If you’re invoking unsafe blocks through an interface not marked as unsafe, it is the callee’s, not the caller’s, responsibility to make sure that every possible call is safe, since the whole point of unsafe is “static analysis can’t prove this is safe”, so I doubt static analysis can meaningfully capture this sort of unsafe hygine, nor do I think it is the compiler’s responsibility to do so.

@mcy I don’t think this will work, unsafe “bleeds into” closures.

@chertl I think what you are basically asking for is “unsafety hygiene”, right? Yeah that sounds like something that we would want.

1 Like

How is this being in a macro any worse that it being in a function?

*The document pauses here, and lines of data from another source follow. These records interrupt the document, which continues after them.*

(* Let $\boldsymbol{z}=(z_1,\dots,z_s)$ be a vector of pairwise distinct complex nodes with $|z_j|=1$ for $j=1,\dots,s$, and let $\delta_{j,k}=|\mathrm{Arg}(z_j/z_k)|$. Then \[\sigma_{\min}\big(\mathbf{U}_{2s}(\boldsymbol{z})\big)\ge\frac{\pi^{2(1-s)}}{\sqrt{2s}}\min_{1\le j\le s}\gamma_j\prod_{k\ne j}\delta_{j,k}^2,\qquad\text{where }\ \gamma_j=\min\Big(\frac12,\ \frac{2}{5\pi}\Big(\sum_{k\ne j}\delta_{j,k}^{-1}\Big)^{-1}\Big).\]
   Context: For $\boldsymbol{z}=(z_1,\dots,z_s)$, $\mathbf{U}_{2s}(\boldsymbol{z})$ is the square $2s\times 2s$ confluent Vandermonde matrix $[\,z_j^k\quad kz_j^{k-1}\,]^{j=1,\dots,s}_{k=0,\dots,2s-1}$, i.e. row $k$ has entries $z_1^k,\dots,z_s^k,kz_1^{k-1},\dots,kz_s^{k-1}$. $\mathrm{Arg}$ is the principal argument in $(-\pi,\pi]$; $\sigma_{\min}$ is the smallest singular value. *)

theory Defs
  imports "HOL-Analysis.Analysis"
begin

text \<open>Nodes are indexed 0..s-1 (z :: nat => complex).\<close>
definition conf_vandermonde :: "nat \<Rightarrow> (nat \<Rightarrow> complex) \<Rightarrow> nat \<Rightarrow> nat \<Rightarrow> complex" where
  "conf_vandermonde s z k j =
     (if j < s then z j ^ k else of_nat k * z (j - s) ^ (k - 1))"

definition vnorm :: "nat \<Rightarrow> (nat \<Rightarrow> complex) \<Rightarrow> real" where
  "vnorm n x = sqrt (\<Sum>i<n. (cmod (x i))\<^sup>2)"

definition mat_vec :: "nat \<Rightarrow> (nat \<Rightarrow> nat \<Rightarrow> complex) \<Rightarrow> (nat \<Rightarrow> complex) \<Rightarrow> nat \<Rightarrow> complex" where
  "mat_vec n A x = (\<lambda>k. \<Sum>j<n. A k j * x j)"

Compare the macro example with this:

unsafe fn unsafe_operation() -> u8 {
	1
}

fn value_equals_unsafe_operation<T: PartialEq>(a: T) -> bool {
    unsafe {
        a == unsafe_operation()
    }
}

So overall this feels more like “I want to know if crates I’m using use unsafe”, not something specific to macros.

1 Like

The above post echoes my thoughts on the subject. The length function for a slice uses unsafe. Does that mean that we would have to write

let length = unsafe { vec[..].len() };

and such like?

Edit: Corrected method syntax

This would only be equivalent if the inner unsafe {} would allow T to come from an unsafe source.

The critical point is

let x = value_equals_unsafe_operation!(*a.get_unchecked(100));

which has an unsafe expression without an unsafe block or context.

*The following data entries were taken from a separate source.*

(* If $\Gamma=(S,A)$ is a connected skew-symmetric graph which has the Kahan-Poisson property, then there exists $\gamma\in\mathbb F^*$ such that every non-zero entry $a_{i,j}$ of $A$ belongs to $\{\gamma,-\gamma\}$.
   Context: $\mathbb F\in\{\mathbb R,\mathbb C\}$. A skew-symmetric graph is $\Gamma=(S,A)$, $A=(a_{i,j})$ skew-symmetric over $\mathbb F$, with an arc between $i$ and $j$ iff $a_{i,j}\ne0$; connected means the underlying undirected graph is connected. Its Poisson bracket on $\mathbb F(x)$ is $\{x_i,x_j\}=a_{i,j}x_ix_j$; its Kahan morphism is $K(x_i)=\tilde x_i$ with $\tilde x_i$ the unique solution of $\tilde x_i-x_i=\tilde x_i\sum_ja_{i,j}x_j+x_i\sum_ja_{i,j}\tilde x_j$; $\Gamma$ has the Kahan-Poisson property if $\{\tilde x_i,\tilde x_j\}=a_{i,j}\tilde x_i\tilde x_j$ for all $i,j$. *)

theory Defs
  imports "HOL-Analysis.Analysis"
begin

text \<open>Vertices: a finite type 'n (the set S = UNIV). Weights A :: 'n => 'n => 'a.\<close>

definition skew_symmetric :: "('n \<Rightarrow> 'n \<Rightarrow> 'a::ab_group_add) \<Rightarrow> bool" where
  "skew_symmetric A \<longleftrightarrow> (\<forall>i j. A i j = - A j i)"

definition arcs :: "('n \<Rightarrow> 'n \<Rightarrow> 'a::zero) \<Rightarrow> ('n \<times> 'n) set" where
  "arcs A = {(i, j). A i j \<noteq> 0}"

definition connected_graph :: "('n \<Rightarrow> 'n \<Rightarrow> 'a::zero) \<Rightarrow> bool" where
  "connected_graph A \<longleftrightarrow> (\<forall>i j. (i, j) \<in> (arcs A \<union> (arcs A)\<inverse>)\<^sup>*)"

text \<open>The defining linear equations of the Kahan morphism at the point x, with unknown y = x tilde.\<close>
definition kahan_eqs :: "('n::finite \<Rightarrow> 'n \<Rightarrow> 'a::field) \<Rightarrow> ('n \<Rightarrow> 'a) \<Rightarrow> ('n \<Rightarrow> 'a) \<Rightarrow> bool" where
  "kahan_eqs A x y \<longleftrightarrow>
     (\<forall>i. y i - x i = y i * (\<Sum>j\<in>UNIV. A i j * x j) + x i * (\<Sum>j\<in>UNIV. A i j * y j))"

text \<open>Points where the Kahan system has a unique solution (the domain of the rational map K).\<close>
definition kahan_defined :: "('n::finite \<Rightarrow> 'n \<Rightarrow> 'a::field) \<Rightarrow> ('n \<Rightarrow> 'a) \<Rightarrow> bool" where
  "kahan_defined A x \<longleftrightarrow> (\<exists>!y. kahan_eqs A x y)"

definition kahan :: "('n::finite \<Rightarrow> 'n \<Rightarrow> 'a::field) \<Rightarrow> ('n \<Rightarrow> 'a) \<Rightarrow> ('n \<Rightarrow> 'a)" where
  "kahan A x = (THE y. kahan_eqs A x y)"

A more similar comparison would be if closures could contain unsafe operations without an unsafe block just because they are evaluated inside unsafe {}.

One solution might be a (clippy?) lint requring macros using expr inside unsafe to be prefixed with unsafe_.

7 Likes

But, uh, they can?

fn main() {
    unsafe {
        let x = || std::ptr::null::<i32>().offset(4);
    }
}
1 Like

Evaluated, not constructed.

2 Likes

Yuck.

For what its worth, I think you can just hoist let a = $a;...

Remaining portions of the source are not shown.